About this task: Each line below that contains the word "unfolding" must be copied.

Data section:

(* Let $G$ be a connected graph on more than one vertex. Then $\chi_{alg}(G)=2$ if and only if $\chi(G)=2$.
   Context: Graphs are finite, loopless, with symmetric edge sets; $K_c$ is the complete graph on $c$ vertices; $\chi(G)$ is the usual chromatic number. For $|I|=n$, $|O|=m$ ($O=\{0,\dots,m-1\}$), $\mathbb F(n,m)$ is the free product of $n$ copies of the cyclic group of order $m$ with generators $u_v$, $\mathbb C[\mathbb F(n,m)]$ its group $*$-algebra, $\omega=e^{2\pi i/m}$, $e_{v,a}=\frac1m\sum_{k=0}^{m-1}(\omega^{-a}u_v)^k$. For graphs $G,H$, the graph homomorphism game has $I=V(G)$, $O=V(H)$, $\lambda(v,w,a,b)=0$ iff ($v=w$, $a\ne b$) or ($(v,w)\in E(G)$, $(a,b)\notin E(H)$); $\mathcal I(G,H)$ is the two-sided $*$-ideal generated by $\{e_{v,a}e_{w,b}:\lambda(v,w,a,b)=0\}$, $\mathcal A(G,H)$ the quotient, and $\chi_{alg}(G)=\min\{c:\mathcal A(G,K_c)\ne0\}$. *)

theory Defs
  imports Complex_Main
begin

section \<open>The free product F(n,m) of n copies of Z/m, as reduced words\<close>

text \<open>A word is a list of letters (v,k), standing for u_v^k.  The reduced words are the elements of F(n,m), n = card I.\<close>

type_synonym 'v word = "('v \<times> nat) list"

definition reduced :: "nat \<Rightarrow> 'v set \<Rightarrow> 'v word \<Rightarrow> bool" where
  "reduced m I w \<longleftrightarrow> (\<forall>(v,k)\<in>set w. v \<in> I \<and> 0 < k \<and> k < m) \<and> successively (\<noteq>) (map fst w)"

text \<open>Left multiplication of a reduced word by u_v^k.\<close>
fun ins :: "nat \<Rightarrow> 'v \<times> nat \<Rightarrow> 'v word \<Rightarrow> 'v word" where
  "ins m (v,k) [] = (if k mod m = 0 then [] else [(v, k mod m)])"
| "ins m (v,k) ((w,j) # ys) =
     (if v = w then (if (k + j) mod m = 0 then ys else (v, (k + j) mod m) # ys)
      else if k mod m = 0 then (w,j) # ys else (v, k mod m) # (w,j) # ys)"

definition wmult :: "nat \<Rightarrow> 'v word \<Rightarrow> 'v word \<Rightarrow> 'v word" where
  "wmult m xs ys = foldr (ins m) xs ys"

---

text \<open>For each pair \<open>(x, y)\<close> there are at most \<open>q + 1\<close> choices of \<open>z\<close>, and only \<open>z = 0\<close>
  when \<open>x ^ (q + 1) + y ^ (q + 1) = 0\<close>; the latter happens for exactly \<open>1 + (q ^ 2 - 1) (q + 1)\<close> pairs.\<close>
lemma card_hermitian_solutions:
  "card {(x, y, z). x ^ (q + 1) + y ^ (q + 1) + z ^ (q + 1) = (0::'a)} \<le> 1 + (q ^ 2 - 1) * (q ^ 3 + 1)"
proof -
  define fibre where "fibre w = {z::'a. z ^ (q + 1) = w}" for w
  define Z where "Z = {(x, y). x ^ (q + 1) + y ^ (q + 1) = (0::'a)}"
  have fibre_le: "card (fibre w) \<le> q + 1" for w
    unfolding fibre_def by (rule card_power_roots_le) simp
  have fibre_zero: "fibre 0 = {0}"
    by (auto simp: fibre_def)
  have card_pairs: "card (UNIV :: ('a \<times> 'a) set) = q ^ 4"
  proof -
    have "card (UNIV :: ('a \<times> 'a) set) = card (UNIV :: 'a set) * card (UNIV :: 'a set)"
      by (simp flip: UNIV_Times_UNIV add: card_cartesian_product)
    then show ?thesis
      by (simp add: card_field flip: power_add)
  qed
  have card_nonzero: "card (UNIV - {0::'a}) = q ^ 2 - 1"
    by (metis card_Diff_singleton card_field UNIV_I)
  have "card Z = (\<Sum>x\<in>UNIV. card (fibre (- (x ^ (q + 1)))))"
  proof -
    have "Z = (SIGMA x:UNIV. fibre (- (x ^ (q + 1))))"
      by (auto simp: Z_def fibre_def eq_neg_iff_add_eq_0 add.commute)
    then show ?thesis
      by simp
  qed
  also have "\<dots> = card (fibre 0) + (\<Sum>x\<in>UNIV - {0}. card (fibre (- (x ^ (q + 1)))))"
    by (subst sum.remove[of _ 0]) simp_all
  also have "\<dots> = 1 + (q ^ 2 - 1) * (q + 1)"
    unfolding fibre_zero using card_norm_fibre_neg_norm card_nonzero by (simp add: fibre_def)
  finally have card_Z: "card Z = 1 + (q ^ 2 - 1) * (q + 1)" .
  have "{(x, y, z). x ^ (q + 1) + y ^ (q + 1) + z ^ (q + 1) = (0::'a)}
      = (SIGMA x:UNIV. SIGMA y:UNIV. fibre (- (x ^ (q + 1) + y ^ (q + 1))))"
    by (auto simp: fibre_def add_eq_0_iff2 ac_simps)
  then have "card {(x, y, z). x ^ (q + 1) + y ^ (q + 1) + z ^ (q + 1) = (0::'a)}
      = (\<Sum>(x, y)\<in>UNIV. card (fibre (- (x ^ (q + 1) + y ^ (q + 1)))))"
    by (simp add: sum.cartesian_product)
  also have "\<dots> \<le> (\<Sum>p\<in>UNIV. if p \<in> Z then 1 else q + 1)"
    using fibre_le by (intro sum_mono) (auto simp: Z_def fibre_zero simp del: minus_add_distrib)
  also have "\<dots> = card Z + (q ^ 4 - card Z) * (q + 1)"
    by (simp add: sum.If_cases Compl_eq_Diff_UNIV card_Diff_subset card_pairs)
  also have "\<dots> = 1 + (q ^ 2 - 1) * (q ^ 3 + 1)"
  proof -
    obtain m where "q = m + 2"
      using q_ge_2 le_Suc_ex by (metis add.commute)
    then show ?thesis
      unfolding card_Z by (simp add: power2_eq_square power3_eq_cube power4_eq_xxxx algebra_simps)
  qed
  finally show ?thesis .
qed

--

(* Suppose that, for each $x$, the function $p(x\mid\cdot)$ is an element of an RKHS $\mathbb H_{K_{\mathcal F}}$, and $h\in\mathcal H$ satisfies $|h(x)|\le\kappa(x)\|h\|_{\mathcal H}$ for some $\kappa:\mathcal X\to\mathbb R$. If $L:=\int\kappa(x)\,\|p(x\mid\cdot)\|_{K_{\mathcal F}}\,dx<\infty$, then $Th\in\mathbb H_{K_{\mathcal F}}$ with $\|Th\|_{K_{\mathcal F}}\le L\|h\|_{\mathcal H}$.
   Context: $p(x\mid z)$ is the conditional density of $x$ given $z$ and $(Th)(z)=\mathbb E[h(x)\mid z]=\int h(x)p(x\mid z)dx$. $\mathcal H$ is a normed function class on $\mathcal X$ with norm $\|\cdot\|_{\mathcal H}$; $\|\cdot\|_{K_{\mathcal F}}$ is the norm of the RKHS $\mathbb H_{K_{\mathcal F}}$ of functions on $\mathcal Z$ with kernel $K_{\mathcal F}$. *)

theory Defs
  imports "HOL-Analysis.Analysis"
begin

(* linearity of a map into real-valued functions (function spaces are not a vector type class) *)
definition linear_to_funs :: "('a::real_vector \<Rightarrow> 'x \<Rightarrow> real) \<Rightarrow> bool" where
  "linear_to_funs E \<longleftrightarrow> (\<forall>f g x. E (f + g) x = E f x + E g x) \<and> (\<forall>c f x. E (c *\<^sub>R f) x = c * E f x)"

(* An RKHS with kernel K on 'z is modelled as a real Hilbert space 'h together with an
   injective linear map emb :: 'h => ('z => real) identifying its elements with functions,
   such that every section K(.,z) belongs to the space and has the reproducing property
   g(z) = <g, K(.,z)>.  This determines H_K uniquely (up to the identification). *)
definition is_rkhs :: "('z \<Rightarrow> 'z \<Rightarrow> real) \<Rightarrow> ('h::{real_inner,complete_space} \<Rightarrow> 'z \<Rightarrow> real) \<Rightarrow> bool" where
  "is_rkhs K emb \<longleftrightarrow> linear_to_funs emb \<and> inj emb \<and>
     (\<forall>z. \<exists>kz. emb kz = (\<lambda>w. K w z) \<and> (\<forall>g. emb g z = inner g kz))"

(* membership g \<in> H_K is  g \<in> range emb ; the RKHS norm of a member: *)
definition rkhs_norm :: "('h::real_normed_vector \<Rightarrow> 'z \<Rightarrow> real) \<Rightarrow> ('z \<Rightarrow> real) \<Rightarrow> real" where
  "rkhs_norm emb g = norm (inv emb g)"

Task result:
    unfolding fibre_def by (rule card_power_roots_le) simp
    unfolding fibre_zero using card_norm_fibre_neg_norm card_nonzero by (simp add: fibre_def)
      unfolding card_Z by (simp add: power2_eq_square power3_eq_cube power4_eq_xxxx algebra_simps)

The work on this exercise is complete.